What can be done at a
partisan level?
However, the largest part
of the debate focuses on what can be done at the EU systemic level, which refers to the legal-institutional rules that
are in place to appoint the Commission president. Inevitably, such a discussion
often boils down to the institutional ‘division of labor’ between the European
Parliament and the European Council, two central actors claiming the lead role
in the appointment process.
This contribution will
instead focus on what can be done at the EU partisan
level, in other words by the political parties that are active in the European
political arena. Indeed, the Europarties also play a crucial role in the
procedure as they are required to organize internal selections to determine their
lead candidate for the Commission presidency. These parties are free to design
these internal processes as they see fit. What is often overlooked is that the
nature of these intra-party contests can have important consequences for the
public excitement, legitimacy and success of the lead candidates procedure more
generally.
Designing an internal
selection process: Why it matters
The 2014 elections were a
landmark in the history of European political parties. For the very first time
these organizations were required to take charge of a political recruitment
process and put forward their own European wide lead candidate. The fact that
Europarty elites were expected to develop a procedure from scratch should have
been considered as a once-in-a-lifetime opportunity, as they were not
constrained by path dependency like national political parties typically are
when recruiting their candidates and electoral leaders.
After all, Europarties
could opt for any specific procedural design they wished for: limited or strict
requirements for anyone who wanted to become the lead candidate; the
decision-making could have been democratic (possibility of participation by a
large group of people) or exclusive (dominated by a small group of people within
the party); the decision-making could have been centralized (little influence
of the member parties) or decentralized (a lot of influence of member parties);
by using consensual decision or majority voting to choose the candidate.

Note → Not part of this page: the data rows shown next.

lemma risk_delta_set_near_minimizer:
  assumes "\<theta>\<^sub>1 \<in> risk_delta_set D L h \<delta>" and "0 < \<delta>" and "0 < e"
  shows "\<exists>\<theta>\<in>risk_delta_set D L h \<delta>. \<forall>t. risk D L h \<theta> \<le> risk D L h t + e"
proof -
  let ?I = "INF t. ereal (risk D L h t)"
  have "ereal (risk D L h \<theta>\<^sub>1) \<le> ?I + ereal \<delta>"
    using assms(1) unfolding risk_delta_set_def by simp
  moreover have "?I \<le> ereal (risk D L h \<theta>\<^sub>1)" by (rule INF_lower) simp
  ultimately obtain r where r: "?I = ereal r" by (cases ?I) auto
  have r_le: "r \<le> risk D L h t" for t
  proof -
    have "?I \<le> ereal (risk D L h t)" by (rule INF_lower) simp
    thus ?thesis using r by simp
  qed
  have "?I < ereal (r + min e \<delta>)" using r assms(2,3) by simp
  then obtain \<theta> where \<theta>: "risk D L h \<theta> < r + min e \<delta>" by (auto simp: INF_less_iff)
  hence "\<theta> \<in> risk_delta_set D L h \<delta>" unfolding risk_delta_set_def using r by simp
  moreover have "\<forall>t. risk D L h \<theta> \<le> risk D L h t + e" using \<theta> r_le by (smt (verit))
  ultimately show ?thesis by blast
qed

theorem mainTheorem4:
  fixes D :: "('x \<times> 'y) measure" and L :: "'y \<Rightarrow> 'y \<Rightarrow> real"
    and h :: "'x \<Rightarrow> 'p::topological_space \<Rightarrow> 'y"
    and m :: nat and \<epsilon> \<alpha> :: real
  assumes "prob_space D"
    and "\<And>\<theta>. integrable D (\<lambda>z. L (h (fst z) \<theta>) (snd z))"
    and "events_measurable D L h"
    and "has_uc_property D L h"
    and "0 < \<epsilon>" and "0 < \<alpha>" and "0 < m"
    and "0 < measure (sample_measure D m)
              {S \<in> space (sample_measure D m). emp_eps_set L h m S \<epsilon> \<noteq> {}}"
  shows "((\<exists>\<theta>\<^sub>0. \<forall>\<theta>. risk D L h \<theta>\<^sub>0 \<le> risk D L h \<theta>) \<longrightarrow>
            uc_function D L h (\<epsilon> / 2) \<alpha> \<le> ereal (real m) \<longrightarrow> valid D L h m \<alpha> \<epsilon>)
       \<and> ((\<not> (\<exists>\<theta>\<^sub>0. \<forall>\<theta>. risk D L h \<theta>\<^sub>0 \<le> risk D L h \<theta>)) \<longrightarrow>
            (INF \<delta> \<in> {0<..<\<epsilon>}. uc_function D L h ((\<epsilon> - \<delta>) / 2) \<alpha>) \<le> ereal (real m) \<longrightarrow>
            valid D L h m \<alpha> \<epsilon>)"
proof (intro conjI impI)
  assume "\<exists>\<theta>\<^sub>0. \<forall>\<theta>. risk D L h \<theta>\<^sub>0 \<le> risk D L h \<theta>"
    and f: "uc_function D L h (\<epsilon> / 2) \<alpha> \<le> ereal (real m)"
  then obtain \<theta>\<^sub>0 where "\<And>\<theta>. risk D L h \<theta>\<^sub>0 \<le> risk D L h \<theta>" by blast
  moreover have "uc_function D L h (\<epsilon> / 2) \<alpha> < ereal (real m + 1)"
    using f by (rule le_less_trans) simp
  ultimately show "valid D L h m \<alpha> \<epsilon>"
    using assms(5-7)
    by (intro valid_if_near_minimizers[OF assms(1,3,5,7,8), where d = 0 and \<eta> = "\<epsilon> / 2"]
          uc_event_prob_ge)
       (auto intro: risk_minimizer_in_risk_delta_set)
next
  assume no_min: "\<not> (\<exists>\<theta>\<^sub>0. \<forall>\<theta>. risk D L h \<theta>\<^sub>0 \<le> risk D L h \<theta>)"
    and f: "(INF \<delta> \<in> {0<..<\<epsilon>}. uc_function D L h ((\<epsilon> - \<delta>) / 2) \<alpha>) \<le> ereal (real m)"
  have "(INF \<delta> \<in> {0<..<\<epsilon>}. uc_function D L h ((\<epsilon> - \<delta>) / 2) \<alpha>) < ereal (real m + 1)"
    using f by (rule le_less_trans) simp
  then obtain \<delta>' where \<delta>': "0 < \<delta>'" "\<delta>' < \<epsilon>"
    and "uc_function D L h ((\<epsilon> - \<delta>') / 2) \<alpha> < ereal (real m + 1)"
    by (auto simp: INF_less_iff)
  moreover have "\<exists>\<theta>\<in>risk_delta_set D L h \<delta>. \<forall>t. risk D L h \<theta> \<le> risk D L h t + \<delta>'"
    if "0 \<le> \<delta>" and \<theta>\<^sub>1: "\<theta>\<^sub>1 \<in> risk_delta_set D L h \<delta>" for \<delta> \<theta>\<^sub>1
  proof -
    have "\<delta> \<noteq> 0"
      using no_min risk_minimizer_if_in_risk_delta_set_zero[of \<theta>\<^sub>1] \<theta>\<^sub>1 by blast
    with that \<delta>'(1) show ?thesis by (intro risk_delta_set_near_minimizer) auto
  qed
  ultimately show "valid D L h m \<alpha> \<epsilon>"
    using assms(6,7)
    by (intro valid_if_near_minimizers[OF assms(1,3,5,7,8), where d = \<delta>' and \<eta> = "(\<epsilon> - \<delta>') / 2"]
          uc_event_prob_ge)
       (auto simp: field_simps)
qed

end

At least within the context
of national parties, the argument has been made time and again that these choices matter. It matters for the degree of competition between
candidates in the selection process, for the profiles of the candidates that
ultimately get selected, or the responsiveness of politicians to their party.
Even more importantly for European elections, it matters for the general
public’s perception of the election process. Democratically organized
selections can lead to citizens being more politically trusting and satisfied with the way democracy works. What’s more, when
parties organize democratic procedures the media attention grows, leading to more visibility and legitimacy for the
entire process. In this sense, by instrumentalizing their selections the
Europarties can make it more difficult – for the European Council – to
side-step the lead candidates procedure.
The limited imagination of Europarties in 2014 and
2019
In order to challenge the European Council’s tendency to downplay the
role of lead candidates in the appointment of the Commission president,
Europarties should have implemented an open procedure such as primary
selections. This selection procedure could have invited a broader group of
European citizens to get more involved in the European electoral process, to
inform themselves – directly via communication of the parties or indirectly via
the increased media attention – about the alternative political visions of the
different European parties.
In practice, however, European parties have not really experimented a
lot with procedural openness to leverage attention for their internal contests
and lead candidates. In 2014, time constraints forced parties to
copy-paste existing procedures that were internally applied to select their
party leadership. In fact, four out of five Europarties (EPP, PES, ALDE and EL)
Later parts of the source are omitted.